Source records Start Marker
lemma besselP_ratio_2_lower_bound:
  assumes "0 < s"
  shows "1 / s - 13 / (10 * s\<^sup>2) < besselP_ratio 2 (s\<^sup>2)"
proof -
  define \<phi> where "\<phi> s = 1 / s - 13 / (10 * s\<^sup>2)" for s :: real
  define g where "g s = besselP_ratio 2 (s\<^sup>2) - \<phi> s" for s
  have g_deriv: "(g has_real_derivative
      2 * s * ((1 - 3 * besselP_ratio 2 (s\<^sup>2)) / s\<^sup>2 - besselP_ratio 2 (s\<^sup>2) ^ 2)
      - (13 / (5 * s ^ 3) - 1 / s\<^sup>2)) (at s)" if "0 < s" for s
  proof -
    have "((\<lambda>s. besselP_ratio 2 (s\<^sup>2)) has_real_derivative
        2 * s * ((1 - 3 * besselP_ratio 2 (s\<^sup>2)) / s\<^sup>2 - besselP_ratio 2 (s\<^sup>2) ^ 2)) (at s)"
      using DERIV_chain2[OF has_real_derivative_besselP_ratio[of "s\<^sup>2" 2] DERIV_pow[of 2 s]] that
      by (simp add: mult.commute)
    moreover have "(\<phi> has_real_derivative 13 / (5 * s ^ 3) - 1 / s\<^sup>2) (at s)"
      unfolding \<phi>_def[abs_def] using that
      by (auto intro!: derivative_eq_intros simp: field_simps power2_eq_square power3_eq_cube)
    ultimately show ?thesis
      unfolding g_def[abs_def] by (rule DERIV_diff)
  qed
  have "0 < g s" if "13 / 10 \<le> s" for s
  proof (rule pos_if_deriv_pos_at_zeros[OF _ _ _ that])
    show "continuous_on {13 / 10..} g"
    proof (intro continuous_at_imp_continuous_on ballI)
      fix x :: real
      assume "x \<in> {13 / 10..}"
      then show "isCont g x"
        using g_deriv[of x] DERIV_isCont by force
    qed
    show "0 < g (13 / 10)"
      by (simp add: g_def \<phi>_def besselP_ratio_pos power2_eq_square)
    fix x :: real
    assume "13 / 10 < x" "g x = 0"
    then have "besselP_ratio 2 (x\<^sup>2) = \<phi> x" "0 < x"
      by (auto simp: g_def)
    moreover have "2 * x * ((1 - 3 * \<phi> x) / x\<^sup>2 - \<phi> x ^ 2) - (13 / (5 * x ^ 3) - 1 / x\<^sup>2)
        = 1 / (5 * x\<^sup>2) + 91 / (50 * x ^ 3)"
      using \<open>0 < x\<close> by (simp add: \<phi>_def field_simps power2_eq_square power3_eq_cube)
    ultimately show "\<exists>D>0. (g has_real_derivative D) (at x)"
      using g_deriv[OF \<open>0 < x\<close>] by (intro exI[of _ "1 / (5 * x\<^sup>2) + 91 / (50 * x ^ 3)"]) (simp add: add_pos_pos)
  qed
  moreover have "\<phi> s \<le> 0" if "s \<le> 13 / 10"
    using assms that by (simp add: \<phi>_def field_simps power2_eq_square)
  ultimately show ?thesis
    using besselP_ratio_pos[of "s\<^sup>2" 2] by (force simp: g_def \<phi>_def)
qed

lemma besselP_ratio_2_deriv_le:
  assumes "169 \<le> t"
  shows "(1 - 3 * besselP_ratio 2 t) / t - besselP_ratio 2 t ^ 2 \<le> - 1 / (6 * t * sqrt t)"
proof -
  define s where "s = sqrt t"
  have "13 \<le> s"
    using real_sqrt_le_mono[OF assms] by (simp add: s_def)
  have t_eq: "t = s\<^sup>2"
    using assms by (simp add: s_def)
  define \<phi> where "\<phi> = 1 / s - 13 / (10 * s\<^sup>2)"
  have "0 < \<phi>"
    using \<open>13 \<le> s\<close> by (simp add: \<phi>_def field_simps power2_eq_square)
  moreover have "\<phi> < besselP_ratio 2 t"
    unfolding \<phi>_def t_eq using \<open>13 \<le> s\<close> by (intro besselP_ratio_2_lower_bound) simp
  ultimately have "(1 - 3 * besselP_ratio 2 t) / t - besselP_ratio 2 t ^ 2 \<le> (1 - 3 * \<phi>) / t - \<phi>\<^sup>2"
    using assms by (intro diff_mono divide_right_mono power_mono) auto
  also have "\<dots> = - 2 / (5 * s ^ 3) + 221 / (100 * s ^ 4)"
    using \<open>13 \<le> s\<close> by (simp add: t_eq \<phi>_def field_simps power2_eq_square power3_eq_cube power4_eq_xxxx)
  also have "\<dots> \<le> - 1 / (6 * s ^ 3)"
    using \<open>13 \<le> s\<close> by (simp add: field_simps power3_eq_cube power4_eq_xxxx)
  also have "\<dots> = - 1 / (6 * t * sqrt t)"
    using \<open>13 \<le> s\<close> by (simp add: t_eq s_def[symmetric] power3_eq_cube power2_eq_square)
  finally show ?thesis .
qed

lemma ln_besselP_2_second_difference_le:
  assumes "0 \<le> \<delta>" "169 \<le> v - \<delta>"
  shows "ln (besselP 2 (v + \<delta>)) + ln (besselP 2 (v - \<delta>)) - 2 * ln (besselP 2 v)
           \<le> - (1 / (6 * (v + \<delta>) * sqrt (v + \<delta>))) * \<delta>\<^sup>2"
proof (rule second_difference_le_of_deriv2_le[OF \<open>0 \<le> \<delta>\<close>])
  fix t
  assume t: "v - \<delta> \<le> t" "t \<le> v + \<delta>"
  then show "((\<lambda>t. ln (besselP 2 t)) has_real_derivative besselP_ratio 2 t) (at t)"
    using assms by (intro has_real_derivative_ln_besselP) simp
  show "(besselP_ratio 2 has_real_derivative
      (1 - (real 2 + 1) * besselP_ratio 2 t) / t - besselP_ratio 2 t ^ 2) (at t)"
    using t assms by (intro has_real_derivative_besselP_ratio) simp
  have "t * sqrt t \<le> (v + \<delta>) * sqrt (v + \<delta>)"
    using t assms by (intro mult_mono real_sqrt_le_mono) auto
  moreover have "0 < t * sqrt t"
    using t assms by simp
  ultimately have "1 / (6 * (v + \<delta>) * sqrt (v + \<delta>)) \<le> 1 / (6 * t * sqrt t)"
    unfolding mult.assoc by (intro frac_le) auto
  then show "(1 - (real 2 + 1) * besselP_ratio 2 t) / t - besselP_ratio 2 t ^ 2
      \<le> - (1 / (6 * (v + \<delta>) * sqrt (v + \<delta>)))"
    using besselP_ratio_2_deriv_le[of t] t assms by simp
qed

lemma besselP_2_turan_gap:
  assumes "0 < \<delta>" "\<delta> \<le> 5" "169 \<le> v - \<delta>"
  shows "\<delta>\<^sup>2 / (8 * (v + \<delta>) * sqrt (v + \<delta>))
           \<le> 1 - besselP 2 (v - \<delta>) * besselP 2 (v + \<delta>) / besselP 2 v ^ 2"
proof -
  define w where "w = v + \<delta>"
  define z where "z = \<delta>\<^sup>2 / (6 * w * sqrt w)"
  have "0 < w" "13 \<le> sqrt w"
    using real_sqrt_le_mono[of 169 w] assms by (auto simp: w_def)
  have "ln (besselP 2 (v + \<delta>)) + ln (besselP 2 (v - \<delta>)) - 2 * ln (besselP 2 v) \<le> - z"
    using ln_besselP_2_second_difference_le[of \<delta> v] assms by (simp add: z_def w_def)
  then have "exp (ln (besselP 2 (v + \<delta>)) + ln (besselP 2 (v - \<delta>)) - 2 * ln (besselP 2 v)) \<le> exp (- z)"
    by simp
  moreover have "exp (ln B + ln A - 2 * ln C) = A * B / C ^ 2" if "0 < A" "0 < B" "0 < C" for A B C :: real
    using that by (simp only: exp_diff exp_add mult_2 exp_ln) (simp add: power2_eq_square)
  ultimately have "besselP 2 (v - \<delta>) * besselP 2 (v + \<delta>) / besselP 2 v ^ 2 \<le> exp (- z)"
    using assms by (simp add: besselP_pos)
  moreover have "z \<le> 1 / 3"
  proof -
    have "6 * 169 * 13 \<le> 6 * w * sqrt w"
      using \<open>13 \<le> sqrt w\<close> assms by (intro mult_mono) (auto simp: w_def)
    moreover have "\<delta>\<^sup>2 \<le> 25"
      using assms power_mono[of \<delta> 5 2] by simp
    ultimately show ?thesis
      by (simp add: z_def field_simps)
  qed
  moreover have "3 / 4 * z = \<delta>\<^sup>2 / (8 * w * sqrt w)"
    using \<open>0 < w\<close> by (simp add: z_def field_simps)
  moreover have "0 \<le> z"
    using \<open>0 < w\<close> by (simp add: z_def)
  ultimately show ?thesis
    using one_minus_exp_neg_ge[of z] by (simp add: w_def)
qed

definition tk :: "int \<Rightarrow> real \<Rightarrow> real" where
  "tk k m = alphak k * xk k m ^ 2 / 4"

lemma alphak_pos: "0 \<le> k \<Longrightarrow> 0 < alphak k"
  by (simp add: alphak_def)

lemma alphak_le: "0 \<le> k \<Longrightarrow> alphak k \<le> 5 / 2"
  by (simp add: alphak_def field_simps)

lemma alphak_pi_sq_le:
  assumes "0 \<le> k"
  shows "alphak k * pi\<^sup>2 / 6 \<le> 5"
proof -
  have "pi\<^sup>2 \<le> (16 / 5)\<^sup>2"
    using pi_approx by (intro power_mono) auto
  then show ?thesis
    using alphak_pos[OF assms] alphak_le[OF assms]
      mult_mono[of "alphak k" "5 / 2" "pi\<^sup>2" "(16 / 5)\<^sup>2"]
    by (simp add: power2_eq_square)
qed

lemma xk_pos_iff: "0 < xk k m \<longleftrightarrow> 0 < 24 * m - (2 * of_int k + 2)"
  by (simp add: xk_def zero_less_mult_iff)

lemma xk_pos_mono: "0 < xk k m \<Longrightarrow> m \<le> m' \<Longrightarrow> 0 < xk k m'"
  by (simp add: xk_pos_iff)

lemma xk_sq:
  "0 \<le> 24 * m - (2 * of_int k + 2) \<Longrightarrow> xk k m ^ 2 = pi\<^sup>2 * (24 * m - (2 * of_int k + 2)) / 36"
  by (simp add: xk_def power_divide power_mult_distrib)

lemma tk_shift:
  assumes "0 < xk k m" "0 < xk k m'"
  shows "tk k m' = tk k m + alphak k * pi\<^sup>2 / 6 * (m' - m)"
  using assms by (simp add: tk_def xk_pos_iff xk_sq field_simps)

lemma tk_ge_169:
  assumes "0 < alphak k" "26 / sqrt (alphak k) \<le> xk k m"
  shows "169 \<le> tk k m"
proof -
  have "(26 / sqrt (alphak k)) ^ 2 \<le> xk k m ^ 2"
    using assms by (intro power_mono) simp_all
  then show ?thesis
    using assms(1) by (simp add: tk_def power_divide field_simps)
qed

lemma Mk_eq_besselP:
  assumes "0 \<le> alphak k" "xk k m \<noteq> 0"
  shows "Mk k m = pi ^ 3 * alphak k ^ 2 / 72 * besselP 2 (tk k m)"
proof -
  have "(sqrt (alphak k) * xk k m / 2) ^ 2 = tk k m"
    using assms by (simp add: tk_def power_divide power_mult_distrib)
  then show ?thesis
    using assms by (simp add: Mk_def tk_def besselI_eq_besselP field_simps power2_eq_square power3_eq_cube)
qed

lemma ThetaM_eq_besselP_2:
  assumes "0 < alphak k" "0 < xk k (m - 1)"
  defines "\<delta> \<equiv> alphak k * pi\<^sup>2 / 6"
  shows "ThetaM k m = besselP 2 (tk k m - \<delta>) * besselP 2 (tk k m + \<delta>) / besselP 2 (tk k m) ^ 2"
proof -
  have pos: "0 < xk k m" "0 < xk k (m + 1)"
    using xk_pos_mono[OF assms(2)] by simp_all
  have "tk k (m - 1) = tk k m - \<delta>" "tk k (m + 1) = tk k m + \<delta>"
    using tk_shift[OF pos(1) assms(2)] tk_shift[OF pos(1) pos(2)] by (simp_all add: \<delta>_def)
  then have Mk_eqs: "Mk k (m - 1) = pi ^ 3 * alphak k ^ 2 / 72 * besselP 2 (tk k m - \<delta>)"
      "Mk k m = pi ^ 3 * alphak k ^ 2 / 72 * besselP 2 (tk k m)"
      "Mk k (m + 1) = pi ^ 3 * alphak k ^ 2 / 72 * besselP 2 (tk k m + \<delta>)"
    using Mk_eq_besselP assms(1,2) pos by (metis less_imp_le less_irrefl)+
  have "0 < besselP 2 (tk k m)"
    using assms(1) by (simp add: besselP_pos tk_def)
  then show ?thesis
    unfolding ThetaM_def Mk_eqs using assms(1) by (simp add: field_simps power2_eq_square)
qed

lemma sqrt_alphak_pi4_div_xk_cube:
  assumes "0 < alphak k" "0 < xk k m"
  shows "sqrt (alphak k) * pi ^ 4 / (36 * xk k m ^ 3)
           = (alphak k * pi\<^sup>2 / 6)\<^sup>2 / (8 * tk k m * sqrt (tk k m))"
proof -
  define x r where "x = xk k m" and "r = sqrt (alphak k)"
  have "0 < x" "0 < r" "alphak k = r\<^sup>2"
    using assms by (simp_all add: x_def r_def)
  moreover have "sqrt (r\<^sup>2 * x\<^sup>2 / 4) = r * x / 2"
    using \<open>0 < x\<close> \<open>0 < r\<close> by (simp add: real_sqrt_divide real_sqrt_mult)
  ultimately show ?thesis
    unfolding tk_def x_def[symmetric] r_def[symmetric]
    by (simp add: field_simps power2_eq_square power3_eq_cube power4_eq_xxxx)
qed

theorem lemma4p3:
  fixes k :: int and n :: nat
  assumes "k \<ge> 3"
    and "xk k (real n - 1) \<ge> 26 / sqrt (alphak k)"
  shows "1 - ThetaM k (real n) \<ge> sqrt (alphak k) * pi ^ 4 / (36 * (xk k (real n + 1)) ^ 3)"
proof -
  define \<delta> where "\<delta> = alphak k * pi\<^sup>2 / 6"
  have "0 < alphak k" "\<delta> \<le> 5"
    using assms(1) alphak_pos alphak_pi_sq_le by (simp_all add: \<delta>_def)
  moreover have "0 < 26 / sqrt (alphak k)"
    using \<open>0 < alphak k\<close> by simp
  ultimately have "0 < xk k (real n - 1)" "0 < \<delta>"
    using assms(2) by (linarith, simp add: \<delta>_def)
  then have "0 < xk k n" "0 < xk k (real n + 1)"
    using xk_pos_mono by auto
  have "169 \<le> tk k n - \<delta>"
    using tk_ge_169[OF \<open>0 < alphak k\<close> assms(2)] tk_shift[OF \<open>0 < xk k n\<close> \<open>0 < xk k (real n - 1)\<close>]
    by (simp add: \<delta>_def)
  moreover have "tk k (real n + 1) = tk k n + \<delta>"
    using tk_shift[OF \<open>0 < xk k n\<close> \<open>0 < xk k (real n + 1)\<close>] by (simp add: \<delta>_def)
  ultimately show ?thesis
    using besselP_2_turan_gap[OF \<open>0 < \<delta>\<close> \<open>\<delta> \<le> 5\<close>]
      ThetaM_eq_besselP_2[OF \<open>0 < alphak k\<close> \<open>0 < xk k (real n - 1)\<close>]
      sqrt_alphak_pi4_div_xk_cube[OF \<open>0 < alphak k\<close> \<open>0 < xk k (real n + 1)\<close>]
    by (simp add: \<delta>_def)
qed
Source records End Marker
■ **Prompt**:
Only the number is needed: please work out how many lines in the data contain the string "force".

■ **Result of the task**:
2